- [Information shown]:

+ + + + +

(* For every pairwise spanner instance on a directed graph with uniform edge lengths and $k$ terminal pairs, there exists a junction tree solution whose cost is $O(\sqrt{k})\cdot\mathsf{OPT}$.
   Context: Pairwise spanner problem: given a directed graph $G=(V,E)$ with $\ell(e)=1$ for all $e$, terminal pairs $(s_i,t_i)$, $i\in[k]$, and target distances $d_i$ with $d_G(s_i,t_i)\le d_i$, find $F\subseteq E$ of minimum cardinality such that $(V,F)$ contains an $s_i\leadsto t_i$ path with at most $d_i$ edges for every $i$; $\mathsf{OPT}$ is this minimum. A junction tree rooted at $r\in V$ is a subgraph $J$ of $G$ that is the union of an in-arborescence $A^{in}$ rooted at $r$ and an out-arborescence $A^{out}$ rooted at $r$. A terminal pair $(s_i,t_i)$ is connected by $J$ if $s_i\in A^{in}$, $t_i\in A^{out}$, and the $s_i\leadsto r$ path in $A^{in}$ plus the $r\leadsto t_i$ path in $A^{out}$ have at most $d_i$ edges in total. A junction tree solution is a finite collection of junction trees (possibly with different roots) such that every terminal pair is connected by at least one of them; its cost is $\sum_J|E(J)|$, i.e., edges belonging to several junction trees are counted with multiplicity. *)

theory Defs
  imports Complex_Main
begin

text \<open>All edges have length 1,
 so "a u-v path with at most n edges in F" is (u,v) in F^^j for some j \<le> n
 (a walk with \<le> n edges contains a path with \<le> n edges).\<close>

definition walk_within :: "('a \<times> 'a) set \<Rightarrow> nat \<Rightarrow> 'a \<Rightarrow> 'a \<Rightarrow> bool" where
  "walk_within F n u v \<longleftrightarrow> (\<exists>j\<le>n. (u, v) \<in> F ^^ j)"

definition arb_verts :: "'a \<Rightarrow> ('a \<times> 'a) set \<Rightarrow> 'a set" where
  "arb_verts r T = {r} \<union> fst ` T \<union> snd ` T"

definition out_arb :: "'a \<Rightarrow> ('a \<times> 'a) set \<Rightarrow> bool" where
  "out_arb r T \<longleftrightarrow> finite T \<and> (\<forall>u. (u, r) \<notin> T)
     \<and> (\<forall>v \<in> arb_verts r T. v \<noteq> r \<longrightarrow> (\<exists>!u. (u, v) \<in> T))
     \<and> (\<forall>v \<in> arb_verts r T. (r, v) \<in> T\<^sup>*)"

+ + + + +

- [What you have to do]: For the data above, state how many lines contain "solution"; the number is the whole answer.

- [Output of the exercise]: 2